If d(x) is the number of positive divisors of x, and n(x) is the number of distinct prime factors of x, show that d(A)=Σ(2^n(A/i²)) for all positive i such that A/i² is an integer.

It suffices to show that both sides agree when A is a prime power, and that both sides are multiplicative.

If A=p^a, then d(A)=a+1.  The divisors i on the RHS are all of the form p^b, where b <= a/2.  So the RHS is

\sum_{0<=b<a/2} 2^1 + [2^0 if a is even] = a+1.

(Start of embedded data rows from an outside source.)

lemma cell_vertex_level_bounds:
  assumes "S \<noteq> {}" "S \<noteq> (UNIV :: 'n::finite set)"
  shows "0 < real (card S) / real CARD('n)" "real (card S) / real CARD('n) < 1"
proof -
  have "0 < card S" using assms(1) by (simp add: card_gt_0_iff)
  moreover have "card S < CARD('n)" using assms(2) by (intro psubset_card_mono) auto
  ultimately show "0 < real (card S) / real CARD('n)" "real (card S) / real CARD('n) < 1"
    by simp_all
qed

lemma cell_vertex_pos_iff:
  assumes "S \<noteq> {}" "S \<noteq> UNIV"
  shows "0 < cell_vertex S $ e \<longleftrightarrow> e \<notin> S"
  using cell_vertex_level_bounds[OF assms] by (simp add: cell_vertex_def)

lemma cell_vertex_nonzero:
  assumes "S \<noteq> {}" "S \<noteq> UNIV"
  shows "cell_vertex S $ e \<noteq> 0"
  using assms cell_vertex_level_bounds[OF assms] by (simp add: cell_vertex_def)

lemma inj_on_cell_vertex: "inj_on cell_vertex {S. S \<noteq> {} \<and> S \<noteq> UNIV}"
proof (rule inj_onI)
  fix S T :: "'n::finite set"
  assume "S \<in> {S. S \<noteq> {} \<and> S \<noteq> UNIV}" "T \<in> {S. S \<noteq> {} \<and> S \<noteq> UNIV}"
    and "cell_vertex S = cell_vertex T"
  then have "e \<in> S \<longleftrightarrow> e \<in> T" for e
    using cell_vertex_pos_iff[of S e] cell_vertex_pos_iff[of T e] by auto
  then show "S = T" by blast
qed

lemma sum_cell_vertex: "(\<Sum>e\<in>UNIV. cell_vertex S $ e) = 0"
  by (simp add: cell_vertex_def sum_subtractf sum.If_cases)

lemma cell_vertex_in_A_voronoi_cell: "cell_vertex S \<in> A_voronoi_cell"
  unfolding A_voronoi_cell_def by (simp add: sum_cell_vertex) (simp add: cell_vertex_def)

lemma zero_sum_unit_gap_eq_cell_vertex:
  fixes z :: "real ^ 'n::finite"
  assumes "(\<Sum>e\<in>UNIV. z $ e) = 0" "S \<noteq> {}" "S \<noteq> UNIV"
    and gap: "\<And>j l. j \<notin> S \<Longrightarrow> l \<in> S \<Longrightarrow> z $ j - z $ l = 1"
  shows "z = cell_vertex S"
proof -
  obtain p q where "p \<notin> S" "q \<in> S" using assms(2,3) by blast
  then have "z $ e = z $ p - (if e \<in> S then 1 else 0)" for e
    using gap[of p e] gap[of e q] gap[of p q] by auto
  then show ?thesis by (rule zero_sum_two_level_eq_cell_vertex[OF assms(1)])
qed

lemma cell_vertex_extreme_point:
  assumes "S \<noteq> {}" "S \<noteq> UNIV"
  shows "cell_vertex S extreme_point_of A_voronoi_cell"
  unfolding extreme_point_of_def
proof (intro conjI ballI cell_vertex_in_A_voronoi_cell notI)
  fix b c assume "b \<in> A_voronoi_cell" "c \<in> A_voronoi_cell" "cell_vertex S \<in> open_segment b c"
  then obtain u where "b \<noteq> c" "0 < u" "u < 1" and y: "cell_vertex S = (1 - u) *\<^sub>R b + u *\<^sub>R c"
    and b: "(\<Sum>e\<in>UNIV. b $ e) = 0" "\<And>j l. b $ j - b $ l \<le> 1"
    and c: "(\<Sum>e\<in>UNIV. c $ e) = 0" "\<And>j l. c $ j - c $ l \<le> 1"
    by (auto simp: in_segment A_voronoi_cell_def)
  have "b $ j - b $ l = 1 \<and> c $ j - c $ l = 1" if "j \<notin> S" "l \<in> S" for j l
  proof -
    have "(1 - u) * (b $ j - b $ l) + u * (c $ j - c $ l) = cell_vertex S $ j - cell_vertex S $ l"
      by (simp add: y algebra_simps)
    also have "\<dots> = 1" using that by (simp add: cell_vertex_def)
    finally show ?thesis using convex_combination_eq_one[OF \<open>0 < u\<close> \<open>u < 1\<close> b(2) c(2)] by blast
  qed
  then have "b = cell_vertex S" "c = cell_vertex S"
    using zero_sum_unit_gap_eq_cell_vertex[OF b(1) assms] zero_sum_unit_gap_eq_cell_vertex[OF c(1) assms]
    by blast+
  then show False using \<open>b \<noteq> c\<close> by simp
qed

lemma A_voronoi_cell_shift_coordinate:
  fixes y :: "real ^ 'n::finite"
  assumes "y \<in> A_voronoi_cell" and slack: "\<And>j. \<bar>y $ k - y $ j\<bar> \<le> 1 - \<delta>" and "\<bar>t\<bar> \<le> \<delta>"
  shows "y + t *\<^sub>R (\<chi> e. (if e = k then 1 else 0) - 1 / real CARD('n)) \<in> A_voronoi_cell"
    (is "y + t *\<^sub>R ?d \<in> _")
proof -
  have "(y + t *\<^sub>R ?d) $ j - (y + t *\<^sub>R ?d) $ l \<le> 1" for j l
  proof -
    have diff: "(y + t *\<^sub>R ?d) $ j - (y + t *\<^sub>R ?d) $ l
        = y $ j - y $ l + t * ((if j = k then 1 else 0) - (if l = k then 1 else 0))"
      by (simp add: algebra_simps)
    consider "j = k" "l \<noteq> k" | "j \<noteq> k" "l = k" | "j = k \<longleftrightarrow> l = k" by blast
    then show ?thesis
    proof cases
      case 1
      moreover have "y $ k - y $ l \<le> \<bar>y $ k - y $ l\<bar>" "t \<le> \<bar>t\<bar>" by simp_all
      ultimately show ?thesis unfolding diff using slack[of l] \<open>\<bar>t\<bar> \<le> \<delta>\<close> by simp
    next
      case 2
      moreover have "y $ j - y $ k \<le> \<bar>y $ k - y $ j\<bar>" "- t \<le> \<bar>t\<bar>" by simp_all
      ultimately show ?thesis unfolding diff using slack[of j] \<open>\<bar>t\<bar> \<le> \<delta>\<close> by simp
    next
      case 3
      then show ?thesis unfolding diff using assms(1) by (auto simp: A_voronoi_cell_def)
    qed
  qed
  moreover have "(\<Sum>e\<in>UNIV. ?d $ e) = 0" by (simp add: sum_subtractf)
  then have "(\<Sum>e\<in>UNIV. (y + t *\<^sub>R ?d) $ e) = 0"
    using assms(1) by (simp add: A_voronoi_cell_def sum.distrib flip: sum_distrib_left)
  ultimately show ?thesis by (simp add: A_voronoi_cell_def)
qed
theorem proposition4p13:
  fixes f g :: "'k::{field_char_0,field_gcd} pxyz"
  assumes "degree (gcd (dcont (Lin f)) (dcont (Lin g))) > 0"
    and "primitive g"
    and "cf g 0 0 = 0"
    and "(p, q) \<noteq> ((0::nat), (0::nat))"
    and "primitive (top p q f)"
    and "wdeg p q (top p q f) > wdeg p q (top p q g)"
  shows "\<not> (\<exists>\<zeta> (u1::'k poly fract) (v0::'k poly fract) (F0::'k poly fract poly).
            kx_automorphism \<zeta> \<and>
            emb (\<zeta> Yv) = [:[:u1:]:] * ([:[:v0:]:] * emb g + subst_t F0 (emb f)))"
proof (intro notI, elim exE conjE)
  fix \<zeta> u1 v0 F0
  assume aut: "kx_automorphism \<zeta>"
    and "emb (\<zeta> Yv) = [:[:u1:]:] * ([:[:v0:]:] * emb g + subst_t F0 (emb f))"
  then obtain a F where "\<zeta> Yv = [:[:a:]:] * g + subst_tx F f"
    using fract_combination_imp_combination assms(2,3,5,6) by metis
  define r where "r = gcd (dcont (Lin f)) (dcont (Lin g))"
  have "r dvd dcont (Lin (\<zeta> Yv))"
    unfolding \<open>\<zeta> Yv = _\<close> r_def by (intro dvd_dcont_Lin_combination) simp_all
  then have "is_unit r"
    using primitive_Lin_automorphism[OF aut] unfolding primitive_def by (rule dvd_unit_imp_unit)
  then show False
    using assms(1) by (simp add: r_def is_unit_iff_degree)
qed

end
(* Let $\vartheta\in(0,1)$, let $c,r,\alpha,\beta$ be positive integers, and consider the single-agent trust model described in the context. Suppose $\vartheta>\theta_{\rm crit}:=c/(c+r)$. Then almost surely the agent either (A) quits at some finite time, i.e. $\tau<\infty$, with $A_t=1$ for all $t<\tau$ and $A_t=0$ for all $t\ge\tau$; or (B) places trust forever and learns the truth, i.e. $A_t=1$ for all $t=1,2,\dots$ and $\lim_{t\to\infty}\hat\vartheta_t=\vartheta$. In particular $\mathbb{P}(\hat\vartheta_t\not\to\vartheta \text{ and } \tau=\infty)=0$.
   Context: Single-agent trust model: $\vartheta$ is the institution's true trustworthiness; $(X_t)_{t\in\mathbb{N}}$ are i.i.d. with $\mathbb{P}(X_t=1)=\vartheta$, $\mathbb{P}(X_t=0)=1-\vartheta$. The agent has actions $A_t\in\{0,1\}$ and observes $X_t$ only in rounds with $A_t=1$. Let $\hat S_t=\sum_{s=1}^t X_s\mathbf{1}_{\{A_s=1\}}$, $\hat F_t=\sum_{s=1}^t(1-X_s)\mathbf{1}_{\{A_s=1\}}$, and $\hat\vartheta_t=\frac{\alpha+\hat S_t}{\alpha+\beta+\hat S_t+\hat F_t}$ (posterior mean under a Beta$(\alpha,\beta)$ prior). The agent acts myopically: $A_t=1$ if $r\hat\vartheta_n-c(1-\hat\vartheta_n)\ge 0$ for all $n\in\{0,\dots,t-1\}$, and $A_t=0$ otherwise. The quitting time is $\tau:=\inf\{t\in\mathbb{N}\cup\{\infty\}: r\hat\vartheta_t-c(1-\hat\vartheta_t)<0\}$. *)

theory Defs
  imports "HOL-Probability.Probability"
begin

text \<open>Single-agent trust model. Outcomes X t w :: bool (True = 1), actions A t w :: bool
  (True = 1), rounds t = 1,2,...\<close>

definition Shat :: "(nat \<Rightarrow> 'a \<Rightarrow> bool) \<Rightarrow> (nat \<Rightarrow> 'a \<Rightarrow> bool) \<Rightarrow> nat \<Rightarrow> 'a \<Rightarrow> real" where
  "Shat X A t w = (\<Sum>s\<in>{1..t}. if X s w \<and> A s w then 1 else 0)"

definition Fhat :: "(nat \<Rightarrow> 'a \<Rightarrow> bool) \<Rightarrow> (nat \<Rightarrow> 'a \<Rightarrow> bool) \<Rightarrow> nat \<Rightarrow> 'a \<Rightarrow> real" where
  "Fhat X A t w = (\<Sum>s\<in>{1..t}. if \<not> X s w \<and> A s w then 1 else 0)"

definition theta_hat :: "real \<Rightarrow> real \<Rightarrow> (nat \<Rightarrow> 'a \<Rightarrow> bool) \<Rightarrow> (nat \<Rightarrow> 'a \<Rightarrow> bool) \<Rightarrow> nat \<Rightarrow> 'a \<Rightarrow> real" where
  "theta_hat \<alpha> \<beta> X A t w =
     (\<alpha> + Shat X A t w) / (\<alpha> + \<beta> + Shat X A t w + Fhat X A t w)"

definition quit_time :: "real \<Rightarrow> real \<Rightarrow> (nat \<Rightarrow> 'a \<Rightarrow> real) \<Rightarrow> 'a \<Rightarrow> enat" where
  "quit_time r c th w =
     (if \<exists>t. r * th t w - c * (1 - th t w) < 0
      then enat (LEAST t. r * th t w - c * (1 - th t w) < 0) else \<infinity>)"

end

theory Submission
  imports Defs
begin

text \<open>Unwinding the decision rule shows that \<open>A\<^sub>t = 1\<close> exactly for \<open>t \<le> \<tau>\<close>, which already gives
  alternative (A) whenever \<open>\<tau> < \<infinity>\<close>. If \<open>\<tau> = \<infinity>\<close>, the agent observes every round, so the posterior
  mean is \<open>(\<alpha> + S\<^sub>t) / (\<alpha> + \<beta> + t)\<close> with \<open>S\<^sub>t\<close> the number of successes among the first \<open>t\<close>
  rounds; it tends to \<open>\<vartheta>\<close> whenever \<open>S\<^sub>t / t\<close> does. The latter holds almost surely by the strong law
  of large numbers for Bernoulli variables, which follows from Hoeffding's inequality and the
  Borel-Cantelli lemma because the deviation probabilities decay geometrically.\<close>

definition successes :: "(nat \<Rightarrow> 'a \<Rightarrow> bool) \<Rightarrow> nat \<Rightarrow> 'a \<Rightarrow> real" where
  "successes X n w = (\<Sum>i\<in>{1..n}. if X i w then 1 else 0)"

lemma (in prob_space) Hoeffding_bernoulli_mean_abs_ge:
  fixes X :: "nat \<Rightarrow> 'a \<Rightarrow> bool"
  assumes rv: "\<And>t. X t \<in> measurable M (count_space UNIV)"
    and indep: "indep_vars (\<lambda>_. count_space UNIV) X UNIV"
    and bern: "\<And>t. prob {w \<in> space M. X t w} = p"
    and n: "n \<ge> 1" and e: "e \<ge> 0"
  shows "prob {w \<in> space M. e \<le> \<bar>successes X n w / real n - p\<bar>} \<le> 2 * exp (-2 * e\<^sup>2) ^ n"
proof -
  define Y where "Y = (\<lambda>i w. if X i w then 1 else (0::real))"
  have indep_Y: "indep_vars (\<lambda>_. borel) Y {1..n}"
    unfolding Y_def
    by (rule indep_vars_compose2[where M'="\<lambda>_. count_space UNIV", simplified])
       (rule indep_vars_subset[OF indep], auto)
  have expectation_Y: "expectation (Y i) = p" for i
  proof -
    have "{w \<in> space M. X i w} \<in> events"
      using measurable_sets[OF rv, of "{True}" i] by (simp add: vimage_def Int_def conj_commute)
    moreover have "expectation (Y i) = expectation (indicator {w \<in> space M. X i w})"
      by (rule Bochner_Integration.integral_cong) (auto simp: Y_def indicator_def)
    ultimately show ?thesis using bern[of i] by simp
  qed
  interpret Hoeffding_ineq M "{1..n}" Y "\<lambda>_. 0" "\<lambda>_. 1" "real n * p"
    using indep_Y by unfold_locales (simp_all add: expectation_Y, simp add: Y_def)
  have "{w \<in> space M. e \<le> \<bar>successes X n w / real n - p\<bar>}
        = {w \<in> space M. real n * e \<le> \<bar>(\<Sum>i\<in>{1..n}. Y i w) - real n * p\<bar>}"
    using n by (auto simp: successes_def Y_def field_simps abs_divide)
  also have "prob \<dots> \<le> 2 * exp (-2 * (real n * e)\<^sup>2 / (\<Sum>i\<in>{1..n}. (1 - 0)\<^sup>2))"
    using n e by (intro Hoeffding_ineq_abs_ge) auto
  also have "\<dots> = 2 * exp (real n * (-2 * e\<^sup>2))"
    using n by (simp add: power2_eq_square)
  also have "\<dots> = 2 * exp (-2 * e\<^sup>2) ^ n"
    by (simp only: exp_of_nat_mult)
  finally show ?thesis .
qed

lemma (in prob_space) strong_law_bernoulli:
  fixes X :: "nat \<Rightarrow> 'a \<Rightarrow> bool"
  assumes rv: "\<And>t. X t \<in> measurable M (count_space UNIV)"
    and indep: "indep_vars (\<lambda>_. count_space UNIV) X UNIV"
    and bern: "\<And>t. prob {w \<in> space M. X t w} = p"
  shows "AE w in M. (\<lambda>n. successes X n w / real n) \<longlonglongrightarrow> p"
proof -
  have measurable_successes: "successes X n \<in> borel_measurable M" for n
    unfolding successes_def using rv by measurable
  define deviation where
    "deviation k n = {w \<in> space M. 1 / Suc k \<le> \<bar>successes X n w / real n - p\<bar>}" for k n
  have rare_deviations: "AE w in M. \<forall>\<^sub>F n in sequentially. w \<in> space M - deviation k n" for k
  proof (rule borel_cantelli_AE1)
    show "deviation k n \<in> events" for n
      unfolding deviation_def using measurable_successes[of n] by measurable
    show "emeasure M (deviation k n) < \<infinity>" for n
      by (simp add: emeasure_eq_measure)
    define q where "q = exp (-2 * (1 / real (Suc k))\<^sup>2)"
    have "summable (\<lambda>n. 2 * q ^ n)"
      by (intro summable_mult summable_geometric) (simp add: q_def)
    then show "summable (\<lambda>n. prob (deviation k n))"
      by (rule summable_comparison_test'[where N=1])
         (use Hoeffding_bernoulli_mean_abs_ge[OF rv indep bern, of _ "1 / Suc k"]
           in \<open>simp add: q_def deviation_def\<close>)
  qed
  have "AE w in M. \<forall>\<^sub>F n in sequentially. \<bar>successes X n w / real n - p\<bar> < 1 / Suc k" for k
    using rare_deviations[of k] by (rule eventually_mono) (auto simp: deviation_def elim!: eventually_mono)
  then have "AE w in M. \<forall>k. \<forall>\<^sub>F n in sequentially. \<bar>successes X n w / real n - p\<bar> < 1 / Suc k"
    by (rule AE_all_countable[THEN iffD2, rule_format])
  then show ?thesis
  proof (rule eventually_mono)
    fix w assume close: "\<forall>k. \<forall>\<^sub>F n in sequentially. \<bar>successes X n w / real n - p\<bar> < 1 / Suc k"
    show "(\<lambda>n. successes X n w / real n) \<longlonglongrightarrow> p"
    proof (rule LIMSEQ_I)
      fix \<epsilon> :: real assume "0 < \<epsilon>"
      then obtain k where k: "1 / Suc k < \<epsilon>"
        using reals_Archimedean by (metis inverse_eq_divide)
      show "\<exists>N. \<forall>n\<ge>N. norm (successes X n w / real n - p) < \<epsilon>"
        using close[rule_format, of k] k unfolding eventually_sequentially by force
    qed
  qed
qed

lemma enat_le_quit_time_iff:
  "enat t \<le> quit_time r c th w \<longleftrightarrow> (\<forall>n<t. r * th n w - c * (1 - th n w) \<ge> 0)"
proof (cases "\<exists>n. r * th n w - c * (1 - th n w) < 0")
  case True
  then have "enat t \<le> quit_time r c th w \<longleftrightarrow> t \<le> (LEAST n. r * th n w - c * (1 - th n w) < 0)"
    by (simp add: quit_time_def)
  also have "\<dots> \<longleftrightarrow> (\<forall>n<t. \<not> r * th n w - c * (1 - th n w) < 0)"
    using True by (meson LeastI_ex not_less_Least not_le order_less_le_trans)
  finally show ?thesis by (simp add: not_less)
next
  case False
  then show ?thesis
    unfolding quit_time_def if_not_P[OF False] by (simp add: not_less)
qed

lemma theta_hat_of_always_acting:
  assumes "\<forall>s\<in>{1..n}. A s w"
  shows "theta_hat a b X A n w = (a + successes X n w) / (a + b + real n)"
proof -
  have successes: "Shat X A n w = successes X n w"
    unfolding Shat_def successes_def using assms by (intro sum.cong) auto
  have "Shat X A n w + Fhat X A n w = (\<Sum>s\<in>{1..n}. 1)"
    unfolding Shat_def Fhat_def sum.distrib[symmetric] using assms by (intro sum.cong) auto
  then have "a + b + Shat X A n w + Fhat X A n w = a + b + real n"
    by simp
  then show ?thesis
    by (simp add: theta_hat_def successes)
qed

lemma posterior_mean_tendsto:
  fixes s :: "nat \<Rightarrow> real"
  assumes "(\<lambda>n. s n / real n) \<longlonglongrightarrow> p"
  shows "(\<lambda>n. (a + s n) / (a + b + real n)) \<longlonglongrightarrow> p"
proof -
  have "(\<lambda>n. (a / real n + s n / real n) / ((a + b) / real n + 1)) \<longlonglongrightarrow> (0 + p) / (0 + 1)"
    by (intro tendsto_intros assms) auto
  moreover have "\<forall>\<^sub>F n in sequentially.
    (a / real n + s n / real n) / ((a + b) / real n + 1) = (a + s n) / (a + b + real n)"
    using eventually_gt_at_top[of 0]
  proof eventually_elim
    case (elim n)
    have "(a / real n + s n / real n) / ((a + b) / real n + 1)
          = ((a + s n) / real n) / ((a + b + real n) / real n)"
      using elim by (simp add: add_divide_distrib)
    also have "\<dots> = (a + s n) / (a + b + real n)"
      using elim by simp
    finally show ?case .
  qed
  ultimately show ?thesis
    by (simp add: Lim_transform_eventually)
qed

lemma quit_or_learn:
  fixes X A :: "nat \<Rightarrow> 'a \<Rightarrow> bool"
  assumes A_def: "\<And>t. 1 \<le> t \<Longrightarrow> A t w \<longleftrightarrow>
         (\<forall>n\<in>{0..t-1}. rr * theta_hat a b X A n w - cc * (1 - theta_hat a b X A n w) \<ge> 0)"
    and conv: "(\<lambda>n. successes X n w / real n) \<longlonglongrightarrow> p"
  shows "(quit_time rr cc (theta_hat a b X A) w < \<infinity> \<and>
              (\<forall>t\<ge>1. enat t \<le> quit_time rr cc (theta_hat a b X A) w \<longrightarrow> A t w) \<and>
              (\<forall>t\<ge>1. enat t > quit_time rr cc (theta_hat a b X A) w \<longrightarrow> \<not> A t w))
         \<or> ((\<forall>t\<ge>1. A t w) \<and> (\<lambda>t. theta_hat a b X A t w) \<longlonglongrightarrow> p)"
proof -
  have acts: "A t w \<longleftrightarrow> enat t \<le> quit_time rr cc (theta_hat a b X A) w" if "1 \<le> t" for t
    using A_def[OF that] that by (auto simp: enat_le_quit_time_iff)
  show ?thesis
  proof (cases "quit_time rr cc (theta_hat a b X A) w = \<infinity>")
    case True
    with acts have always: "\<forall>t\<ge>1. A t w"
      by simp
    then have "theta_hat a b X A n w = (a + successes X n w) / (a + b + real n)" for n
      by (intro theta_hat_of_always_acting) auto
    with always posterior_mean_tendsto[OF conv] show ?thesis
      by simp
  qed (use acts in \<open>auto simp: not_le\<close>)
qed

theorem lemma3p2:
  fixes M :: "'a measure" and X :: "nat \<Rightarrow> 'a \<Rightarrow> bool" and A :: "nat \<Rightarrow> 'a \<Rightarrow> bool"
    and theta :: real and c r \<alpha> \<beta> :: nat
  assumes "prob_space M"
    and rv: "\<And>t. X t \<in> measurable M (count_space UNIV)"
    and indep: "prob_space.indep_vars M (\<lambda>_. count_space UNIV) X UNIV"
    and bern: "\<And>t. measure M {w \<in> space M. X t w} = theta"
    and "0 < theta" "theta < 1"
    and "0 < c" "0 < r" "0 < \<alpha>" "0 < \<beta>"
    and A_def: "\<And>t w. 1 \<le> t \<Longrightarrow> A t w \<longleftrightarrow>
         (\<forall>n\<in>{0..t-1}. real r * theta_hat \<alpha> \<beta> X A n w - real c * (1 - theta_hat \<alpha> \<beta> X A n w) \<ge> 0)"
    and crit: "theta > real c / (real c + real r)"
  shows "(AE w in M.
           (quit_time r c (theta_hat \<alpha> \<beta> X A) w < \<infinity> \<and>
              (\<forall>t\<ge>1. enat t \<le> quit_time r c (theta_hat \<alpha> \<beta> X A) w \<longrightarrow> A t w) \<and>
              (\<forall>t\<ge>1. enat t > quit_time r c (theta_hat \<alpha> \<beta> X A) w \<longrightarrow> \<not> A t w))
         \<or> ((\<forall>t\<ge>1. A t w) \<and> (\<lambda>t. theta_hat \<alpha> \<beta> X A t w) \<longlonglongrightarrow> theta))
       \<and> measure M {w \<in> space M. \<not> ((\<lambda>t. theta_hat \<alpha> \<beta> X A t w) \<longlonglongrightarrow> theta)
                       \<and> quit_time r c (theta_hat \<alpha> \<beta> X A) w = \<infinity>} = 0"
proof -
  interpret prob_space M by fact
  have dichotomy: "AE w in M.
           (quit_time r c (theta_hat \<alpha> \<beta> X A) w < \<infinity> \<and>
              (\<forall>t\<ge>1. enat t \<le> quit_time r c (theta_hat \<alpha> \<beta> X A) w \<longrightarrow> A t w) \<and>
              (\<forall>t\<ge>1. enat t > quit_time r c (theta_hat \<alpha> \<beta> X A) w \<longrightarrow> \<not> A t w))
         \<or> ((\<forall>t\<ge>1. A t w) \<and> (\<lambda>t. theta_hat \<alpha> \<beta> X A t w) \<longlonglongrightarrow> theta)"
    using strong_law_bernoulli[OF rv indep bern] by (rule eventually_mono) (rule quit_or_learn[OF A_def])
  then have "AE w in M. \<not> (\<not> (\<lambda>t. theta_hat \<alpha> \<beta> X A t w) \<longlonglongrightarrow> theta
                          \<and> quit_time r c (theta_hat \<alpha> \<beta> X A) w = \<infinity>)"
    by (rule eventually_mono) auto
  from AE_E2[OF this] dichotomy show ?thesis
    by (simp add: measure_def)
qed

end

Now suppose A,B are relatively prime.  Then d(AB)=d(A)d(B).  For the RHS, the divisors k^2 of AB are all of the form k=ij, where i^2 | A and j^2 | B, and n(AB/k^2) = n(A/i^2)+n(B/j^2).  Thus

\sum_{k^2 | AB} 2^n(AB/k^2) = \sum_{i^2 | A, j^2 | B} 2^n(A/i^2) * 2^n(B/j^2)
 = \sum_{i^2 | A} 2^n(A/i^2) * \sum_{j^2 | B} 2^n(B/j^2),

establishing the result.

Posted by Eigenray on 2007-08-06 09:09:20